### Activity
Take the material below and reproduce, word for word, only the lines from the line with "m) = insert" through the line with "(* Let $1\le".

### Exercise materials
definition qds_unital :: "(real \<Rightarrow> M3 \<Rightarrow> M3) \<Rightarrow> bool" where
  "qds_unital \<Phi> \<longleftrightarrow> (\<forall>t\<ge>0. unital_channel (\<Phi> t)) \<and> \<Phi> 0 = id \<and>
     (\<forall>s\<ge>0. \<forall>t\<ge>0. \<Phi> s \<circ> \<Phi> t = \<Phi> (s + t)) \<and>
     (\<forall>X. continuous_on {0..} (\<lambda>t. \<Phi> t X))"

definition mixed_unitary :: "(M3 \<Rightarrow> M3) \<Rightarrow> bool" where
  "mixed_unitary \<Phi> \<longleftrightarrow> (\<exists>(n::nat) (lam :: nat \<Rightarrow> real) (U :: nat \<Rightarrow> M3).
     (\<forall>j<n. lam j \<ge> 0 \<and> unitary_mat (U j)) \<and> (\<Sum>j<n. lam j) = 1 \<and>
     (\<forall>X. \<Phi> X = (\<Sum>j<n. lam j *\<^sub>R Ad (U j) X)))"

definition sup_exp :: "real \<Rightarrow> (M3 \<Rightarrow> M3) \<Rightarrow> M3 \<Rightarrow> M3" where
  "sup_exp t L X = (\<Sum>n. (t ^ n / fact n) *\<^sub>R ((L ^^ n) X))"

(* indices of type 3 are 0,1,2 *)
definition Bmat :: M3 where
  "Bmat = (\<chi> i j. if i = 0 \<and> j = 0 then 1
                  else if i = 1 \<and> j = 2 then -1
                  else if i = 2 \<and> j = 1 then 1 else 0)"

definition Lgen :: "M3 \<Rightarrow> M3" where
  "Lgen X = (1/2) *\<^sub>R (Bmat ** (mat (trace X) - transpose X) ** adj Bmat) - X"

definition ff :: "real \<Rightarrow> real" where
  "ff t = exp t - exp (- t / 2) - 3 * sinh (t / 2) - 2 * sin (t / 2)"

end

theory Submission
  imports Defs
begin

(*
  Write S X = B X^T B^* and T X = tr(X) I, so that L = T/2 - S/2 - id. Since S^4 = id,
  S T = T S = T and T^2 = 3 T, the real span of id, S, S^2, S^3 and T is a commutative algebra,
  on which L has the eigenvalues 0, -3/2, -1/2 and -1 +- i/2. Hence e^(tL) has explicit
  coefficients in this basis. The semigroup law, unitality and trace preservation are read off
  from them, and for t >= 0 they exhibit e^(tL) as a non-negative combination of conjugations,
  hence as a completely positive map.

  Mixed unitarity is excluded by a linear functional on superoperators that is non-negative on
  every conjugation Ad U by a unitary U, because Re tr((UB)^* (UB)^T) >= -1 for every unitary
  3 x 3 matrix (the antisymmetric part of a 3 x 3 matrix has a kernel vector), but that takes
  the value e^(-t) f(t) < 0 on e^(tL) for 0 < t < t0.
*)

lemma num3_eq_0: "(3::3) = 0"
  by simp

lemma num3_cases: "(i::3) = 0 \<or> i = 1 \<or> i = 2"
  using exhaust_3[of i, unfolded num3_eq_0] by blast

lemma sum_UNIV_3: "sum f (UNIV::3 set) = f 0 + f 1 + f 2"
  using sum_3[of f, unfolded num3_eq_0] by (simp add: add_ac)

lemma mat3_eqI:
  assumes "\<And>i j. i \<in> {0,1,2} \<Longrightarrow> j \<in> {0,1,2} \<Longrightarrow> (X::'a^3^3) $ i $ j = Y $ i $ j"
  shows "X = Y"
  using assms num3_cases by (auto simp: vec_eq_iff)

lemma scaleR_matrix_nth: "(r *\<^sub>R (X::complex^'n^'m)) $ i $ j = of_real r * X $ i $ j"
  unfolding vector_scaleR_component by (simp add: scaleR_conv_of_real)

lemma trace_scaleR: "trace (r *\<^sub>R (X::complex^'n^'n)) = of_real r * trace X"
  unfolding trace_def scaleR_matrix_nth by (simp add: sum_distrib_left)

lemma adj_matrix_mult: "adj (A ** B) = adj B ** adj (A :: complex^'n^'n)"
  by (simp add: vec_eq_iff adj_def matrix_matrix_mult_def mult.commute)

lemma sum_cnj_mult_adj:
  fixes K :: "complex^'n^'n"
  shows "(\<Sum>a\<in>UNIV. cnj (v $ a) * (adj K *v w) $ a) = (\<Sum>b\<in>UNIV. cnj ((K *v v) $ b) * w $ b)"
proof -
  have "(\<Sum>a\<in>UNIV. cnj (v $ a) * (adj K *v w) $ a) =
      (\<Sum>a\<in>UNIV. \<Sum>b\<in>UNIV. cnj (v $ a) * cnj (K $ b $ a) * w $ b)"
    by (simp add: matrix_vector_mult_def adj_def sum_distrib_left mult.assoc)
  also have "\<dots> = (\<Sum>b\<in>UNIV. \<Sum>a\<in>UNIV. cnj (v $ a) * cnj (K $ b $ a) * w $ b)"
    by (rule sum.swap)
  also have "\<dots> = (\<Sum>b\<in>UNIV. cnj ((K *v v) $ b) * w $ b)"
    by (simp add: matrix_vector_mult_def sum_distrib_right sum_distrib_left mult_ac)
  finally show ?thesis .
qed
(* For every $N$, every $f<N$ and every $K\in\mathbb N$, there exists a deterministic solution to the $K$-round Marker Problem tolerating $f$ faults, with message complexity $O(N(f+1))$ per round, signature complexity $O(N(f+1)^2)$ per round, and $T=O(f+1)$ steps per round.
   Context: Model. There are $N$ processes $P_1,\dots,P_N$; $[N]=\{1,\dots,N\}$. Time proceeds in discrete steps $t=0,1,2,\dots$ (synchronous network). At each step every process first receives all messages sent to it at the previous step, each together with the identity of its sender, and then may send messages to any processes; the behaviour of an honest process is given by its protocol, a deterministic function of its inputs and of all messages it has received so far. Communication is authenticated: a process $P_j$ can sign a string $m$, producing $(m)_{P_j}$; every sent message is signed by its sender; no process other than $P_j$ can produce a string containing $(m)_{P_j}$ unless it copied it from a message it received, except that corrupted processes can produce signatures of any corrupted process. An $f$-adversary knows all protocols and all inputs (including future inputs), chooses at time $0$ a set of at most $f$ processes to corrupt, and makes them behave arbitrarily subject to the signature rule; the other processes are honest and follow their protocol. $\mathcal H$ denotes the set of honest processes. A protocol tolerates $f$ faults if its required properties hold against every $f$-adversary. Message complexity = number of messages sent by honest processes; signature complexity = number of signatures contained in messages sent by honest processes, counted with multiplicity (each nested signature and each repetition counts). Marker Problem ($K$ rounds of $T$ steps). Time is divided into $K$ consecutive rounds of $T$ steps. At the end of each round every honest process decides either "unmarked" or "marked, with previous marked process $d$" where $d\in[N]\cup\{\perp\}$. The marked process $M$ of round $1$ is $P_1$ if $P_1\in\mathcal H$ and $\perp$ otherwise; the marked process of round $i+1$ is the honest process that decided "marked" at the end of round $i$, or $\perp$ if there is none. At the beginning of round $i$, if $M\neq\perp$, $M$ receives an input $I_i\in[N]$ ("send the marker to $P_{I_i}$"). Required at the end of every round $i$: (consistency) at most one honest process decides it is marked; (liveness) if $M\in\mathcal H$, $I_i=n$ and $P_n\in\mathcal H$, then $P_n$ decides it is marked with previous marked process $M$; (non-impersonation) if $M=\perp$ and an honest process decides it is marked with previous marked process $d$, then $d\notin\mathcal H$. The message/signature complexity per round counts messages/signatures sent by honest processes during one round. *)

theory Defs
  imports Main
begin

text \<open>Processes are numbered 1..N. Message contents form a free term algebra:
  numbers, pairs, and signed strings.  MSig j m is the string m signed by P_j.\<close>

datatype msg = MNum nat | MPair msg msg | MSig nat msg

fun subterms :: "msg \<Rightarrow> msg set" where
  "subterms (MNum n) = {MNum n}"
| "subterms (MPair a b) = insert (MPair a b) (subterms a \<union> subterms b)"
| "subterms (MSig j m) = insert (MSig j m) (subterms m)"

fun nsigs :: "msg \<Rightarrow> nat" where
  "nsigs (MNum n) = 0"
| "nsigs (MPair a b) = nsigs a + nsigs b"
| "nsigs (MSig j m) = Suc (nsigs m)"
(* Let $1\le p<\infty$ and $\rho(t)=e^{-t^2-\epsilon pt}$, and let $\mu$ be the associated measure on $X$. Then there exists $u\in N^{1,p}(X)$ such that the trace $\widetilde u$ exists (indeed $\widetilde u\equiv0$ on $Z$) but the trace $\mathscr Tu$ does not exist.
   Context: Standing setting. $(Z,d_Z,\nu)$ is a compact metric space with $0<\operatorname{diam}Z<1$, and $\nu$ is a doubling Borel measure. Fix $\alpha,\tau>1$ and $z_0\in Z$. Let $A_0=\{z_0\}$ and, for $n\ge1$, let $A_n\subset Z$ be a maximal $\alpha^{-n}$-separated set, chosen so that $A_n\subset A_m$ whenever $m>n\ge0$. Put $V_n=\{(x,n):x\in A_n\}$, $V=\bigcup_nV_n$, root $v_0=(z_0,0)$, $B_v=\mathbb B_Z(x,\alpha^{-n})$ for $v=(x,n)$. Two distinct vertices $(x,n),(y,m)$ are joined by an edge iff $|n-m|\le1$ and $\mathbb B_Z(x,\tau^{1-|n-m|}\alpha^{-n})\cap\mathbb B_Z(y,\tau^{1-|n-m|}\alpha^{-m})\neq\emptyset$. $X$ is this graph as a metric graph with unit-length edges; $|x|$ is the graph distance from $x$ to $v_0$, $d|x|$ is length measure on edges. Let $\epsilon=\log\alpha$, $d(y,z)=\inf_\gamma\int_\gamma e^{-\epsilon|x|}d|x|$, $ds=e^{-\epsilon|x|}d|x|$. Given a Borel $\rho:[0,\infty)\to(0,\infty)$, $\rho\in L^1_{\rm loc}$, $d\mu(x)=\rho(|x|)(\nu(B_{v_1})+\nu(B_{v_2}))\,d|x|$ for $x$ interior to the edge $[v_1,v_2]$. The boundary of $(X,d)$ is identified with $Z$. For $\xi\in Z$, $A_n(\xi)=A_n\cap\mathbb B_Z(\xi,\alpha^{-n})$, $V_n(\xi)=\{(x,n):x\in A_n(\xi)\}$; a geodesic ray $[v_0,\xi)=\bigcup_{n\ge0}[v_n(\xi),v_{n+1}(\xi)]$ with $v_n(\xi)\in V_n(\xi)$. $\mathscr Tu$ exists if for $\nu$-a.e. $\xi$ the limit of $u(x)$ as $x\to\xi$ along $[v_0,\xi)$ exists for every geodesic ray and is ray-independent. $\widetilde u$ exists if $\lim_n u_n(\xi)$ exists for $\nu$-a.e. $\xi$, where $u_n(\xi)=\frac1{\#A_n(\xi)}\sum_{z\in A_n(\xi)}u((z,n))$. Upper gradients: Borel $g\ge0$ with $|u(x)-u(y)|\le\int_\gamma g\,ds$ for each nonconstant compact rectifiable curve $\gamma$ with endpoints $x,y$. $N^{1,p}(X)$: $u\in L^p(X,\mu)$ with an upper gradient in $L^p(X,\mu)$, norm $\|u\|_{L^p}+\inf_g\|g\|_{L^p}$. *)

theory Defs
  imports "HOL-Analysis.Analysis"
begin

### Reply to the exercise
| "subterms (MSig j m) = insert (MSig j m) (subterms m)"

fun nsigs :: "msg \<Rightarrow> nat" where
  "nsigs (MNum n) = 0"
| "nsigs (MPair a b) = nsigs a + nsigs b"
| "nsigs (MSig j m) = Suc (nsigs m)"
(* Let $1\le p<\infty$ and $\rho(t)=e^{-t^2-\epsilon pt}$, and let $\mu$ be the associated measure on $X$. Then there exists $u\in N^{1,p}(X)$ such that the trace $\widetilde u$ exists (indeed $\widetilde u\equiv0$ on $Z$) but the trace $\mathscr Tu$ does not exist.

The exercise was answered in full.